Situation: A company has two businesses in different locations serving different sets of customers in two separate markets. The CEO is evaluating whether it makes more sense to have one umbrella web site with pages for each of the two businesses, or to create two complete web sites with different URLs. How many web sites should a small business have, and why?
Advice from the CEOs:
- The first question is whether you call both businesses the same or different names. Many small companies have separate businesses at different sites, and just differentiate the businesses through division names. Moreover, because you use the same company name for both businesses, you want to make it easy for customers to find your web sites. This argues for at least a single splash page, listed under your current company URL.
- There are many corporations with diverse, unrelated businesses. Generally, these corporations don’t have any problem having a general web site, with separate links to the individual division web sites where customers and partners can drill down to detail specific to each division.

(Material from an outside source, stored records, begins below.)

(* Let $r\in\{0,1\}$ and let $k,l,a_1,a_2,C_1,C_2,a,b,c,b_1,c_1$ be real constants. Put $\alpha(t)=kt+l$, $X=x\cos\alpha+y\sin\alpha$, $Y=-x\sin\alpha+y\cos\alpha$, $\mathbf e_1=(\cos\alpha,\sin\alpha,0)^t$, $\mathbf e_2=(-\sin\alpha,\cos\alpha,0)^t$, and define functions of $Y$: if $r=0$: $\phi=e^{a_1Y}-ae^{-a_1Y}$, $\psi=e^{a_1Y}+ae^{-a_1Y}$, $\xi=be^{a_1Y}-ce^{-a_1Y}$, $\zeta=be^{a_1Y}+ce^{-a_1Y}$, $\vartheta=b_1e^{a_1Y}-c_1e^{-a_1Y}$; if $r=1$: $\phi=\sin(a_1Y)$, $\psi=\cos(a_1Y)$, $\xi=c\sin(a_1Y+b)$, $\zeta=c\cos(a_1Y+b)$, $\vartheta=c_1\sin(a_1Y+b_1)$. Let $$W_1=a_1\big(\vartheta+a_2Y\phi-X\zeta-a_1a_2X^2\psi\big),\qquad W_2=\xi+2a_1a_2X\phi,$$ and $$\mathbf v=k(-y,x,0)^t+C_1e^{(-1)^r\nu a_1^2t}\big(W_1\mathbf e_1+W_2\mathbf e_2\big),\qquad \mathbf H=C_2e^{(-1)^r\eta a_1^2t}\big(W_1\mathbf e_1+W_2\mathbf e_2\big).$$ Then there exists a smooth function $p$ on $\mathbb R\times\mathbb R^3$ such that $(\mathbf v,\mathbf H,p)$ satisfies the MHD system on $\mathbb R\times\mathbb R^3$.
   Context: Throughout, $\nu,\eta,\mu_0,\rho$ are positive constants. The MHD system for $\mathbf v=(u,v,w)^t$, $\mathbf H=(H^1,H^2,H^3)^t$, $p$, functions of $(t,x,y,z)$, is $$\nabla\cdot\mathbf v=0,\quad \mathbf v_t+(\mathbf v\cdot\nabla)\mathbf v-\mu_0(\mathbf H\times\operatorname{rot}\mathbf H)+\tfrac1\rho\nabla p=\nu\Delta\mathbf v,\quad \nabla\cdot\mathbf H=0,\quad \mathbf H_t=\operatorname{rot}(\mathbf v\times\mathbf H)+\eta\Delta\mathbf H,$$ with $\operatorname{rot}$ the curl and $\Delta$ the componentwise Laplacian in $(x,y,z)$. Here $X,Y,\mathbf e_1,\mathbf e_2$ depend on $t$ through $\alpha(t)=kt+l$. *)

theory Defs
  imports "HOL-Analysis.Analysis"
begin

type_synonym sfield = "real \<Rightarrow> real \<Rightarrow> real \<Rightarrow> real \<Rightarrow> real"

definition d_t :: "sfield \<Rightarrow> sfield" where
  "d_t f = (\<lambda>t x y z. deriv (\<lambda>s. f s x y z) t)"
definition d_x :: "sfield \<Rightarrow> sfield" where
  "d_x f = (\<lambda>t x y z. deriv (\<lambda>s. f t s y z) x)"
definition d_y :: "sfield \<Rightarrow> sfield" where
  "d_y f = (\<lambda>t x y z. deriv (\<lambda>s. f t x s z) y)"
definition d_z :: "sfield \<Rightarrow> sfield" where
  "d_z f = (\<lambda>t x y z. deriv (\<lambda>s. f t x y s) z)"

definition pd :: "nat \<Rightarrow> sfield \<Rightarrow> sfield" where
  "pd i = (if i = 0 then d_t else if i = 1 then d_x else if i = 2 then d_y else d_z)"

definition pd_exists :: "nat \<Rightarrow> sfield \<Rightarrow> bool" where
  "pd_exists i f \<longleftrightarrow> (\<forall>t x y z.
     (if i = 0 then (\<lambda>s. f s x y z) differentiable (at t)
      else if i = 1 then (\<lambda>s. f t s y z) differentiable (at x)
      else if i = 2 then (\<lambda>s. f t x s z) differentiable (at y)
      else (\<lambda>s. f t x y s) differentiable (at z)))"

definition smooth4 :: "sfield \<Rightarrow> bool" where
  "smooth4 f \<longleftrightarrow> (\<forall>ds. set ds \<subseteq> {0..3} \<longrightarrow>
     (let g = foldr pd ds f in
        continuous_on UNIV (\<lambda>(t::real, x::real, y::real, z::real). g t x y z) \<and>
        (\<forall>i\<in>{0..3}. pd_exists i g)))"

definition lap :: "sfield \<Rightarrow> sfield" where
  "lap f = (\<lambda>t x y z. d_x (d_x f) t x y z + d_y (d_y f) t x y z + d_z (d_z f) t x y z)"

definition MHD :: "real \<Rightarrow> real \<Rightarrow> real \<Rightarrow> real \<Rightarrow> sfield \<Rightarrow> sfield \<Rightarrow> sfield \<Rightarrow>
    sfield \<Rightarrow> sfield \<Rightarrow> sfield \<Rightarrow> sfield \<Rightarrow> bool" where
  "MHD \<nu> \<eta> \<mu>0 \<rho> u v w H1 H2 H3 p \<longleftrightarrow> (\<forall>t x y z.
     let R1 = d_y H3 t x y z - d_z H2 t x y z;
         R2 = d_z H1 t x y z - d_x H3 t x y z;
         R3 = d_x H2 t x y z - d_y H1 t x y z;
         E1 = (\<lambda>t x y z. v t x y z * H3 t x y z - w t x y z * H2 t x y z);
         E2 = (\<lambda>t x y z. w t x y z * H1 t x y z - u t x y z * H3 t x y z);
         E3 = (\<lambda>t x y z. u t x y z * H2 t x y z - v t x y z * H1 t x y z);
         conv = (\<lambda>f. u t x y z * d_x f t x y z + v t x y z * d_y f t x y z
                       + w t x y z * d_z f t x y z)
     in d_x u t x y z + d_y v t x y z + d_z w t x y z = 0
      \<and> d_t u t x y z + conv u
          - \<mu>0 * (H2 t x y z * R3 - H3 t x y z * R2) + d_x p t x y z / \<rho>
          = \<nu> * lap u t x y z
      \<and> d_t v t x y z + conv v
          - \<mu>0 * (H3 t x y z * R1 - H1 t x y z * R3) + d_y p t x y z / \<rho>
          = \<nu> * lap v t x y z
      \<and> d_t w t x y z + conv w
          - \<mu>0 * (H1 t x y z * R2 - H2 t x y z * R1) + d_z p t x y z / \<rho>
          = \<nu> * lap w t x y z
      \<and> d_x H1 t x y z + d_y H2 t x y z + d_z H3 t x y z = 0
      \<and> d_t H1 t x y z = d_y E3 t x y z - d_z E2 t x y z + \<eta> * lap H1 t x y z
      \<and> d_t H2 t x y z = d_z E1 t x y z - d_x E3 t x y z + \<eta> * lap H2 t x y z
      \<and> d_t H3 t x y z = d_x E2 t x y z - d_y E1 t x y z + \<eta> * lap H3 t x y z)"

definition alpha :: "real \<Rightarrow> real \<Rightarrow> real \<Rightarrow> real" where
  "alpha k l t = k * t + l"
definition bigX :: "real \<Rightarrow> real \<Rightarrow> real \<Rightarrow> real \<Rightarrow> real \<Rightarrow> real" where
  "bigX k l t x y = x * cos (alpha k l t) + y * sin (alpha k l t)"
definition bigY :: "real \<Rightarrow> real \<Rightarrow> real \<Rightarrow> real \<Rightarrow> real \<Rightarrow> real" where
  "bigY k l t x y = - x * sin (alpha k l t) + y * cos (alpha k l t)"

definition phi :: "nat \<Rightarrow> real \<Rightarrow> real \<Rightarrow> real \<Rightarrow> real" where
  "phi r a1 a Y = (if r = 0 then exp (a1 * Y) - a * exp (- a1 * Y) else sin (a1 * Y))"
definition psi :: "nat \<Rightarrow> real \<Rightarrow> real \<Rightarrow> real \<Rightarrow> real" where
  "psi r a1 a Y = (if r = 0 then exp (a1 * Y) + a * exp (- a1 * Y) else cos (a1 * Y))"
definition xi :: "nat \<Rightarrow> real \<Rightarrow> real \<Rightarrow> real \<Rightarrow> real \<Rightarrow> real" where
  "xi r a1 b c Y = (if r = 0 then b * exp (a1 * Y) - c * exp (- a1 * Y) else c * sin (a1 * Y + b))"
definition zeta :: "nat \<Rightarrow> real \<Rightarrow> real \<Rightarrow> real \<Rightarrow> real \<Rightarrow> real" where
  "zeta r a1 b c Y = (if r = 0 then b * exp (a1 * Y) + c * exp (- a1 * Y) else c * cos (a1 * Y + b))"
definition vtheta :: "nat \<Rightarrow> real \<Rightarrow> real \<Rightarrow> real \<Rightarrow> real \<Rightarrow> real" where
  "vtheta r a1 b1 c1 Y = (if r = 0 then b1 * exp (a1 * Y) - c1 * exp (- a1 * Y) else c1 * sin (a1 * Y + b1))"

The advantage to this strategy is that by having one corporate site, the larger entity strengthens its own market presence.
- Given that the advice of the group is to have a single splash page how do you construct it?
- You want to prominently feature your company name on the splash page, but not to include much detail. Maybe just an overall positioning message that expresses your core values or a distinctive visual that shows what you do.
- On the splash page, create two links with distinctive pictures and names that enable your customer to easily go to the side of your business that interests them.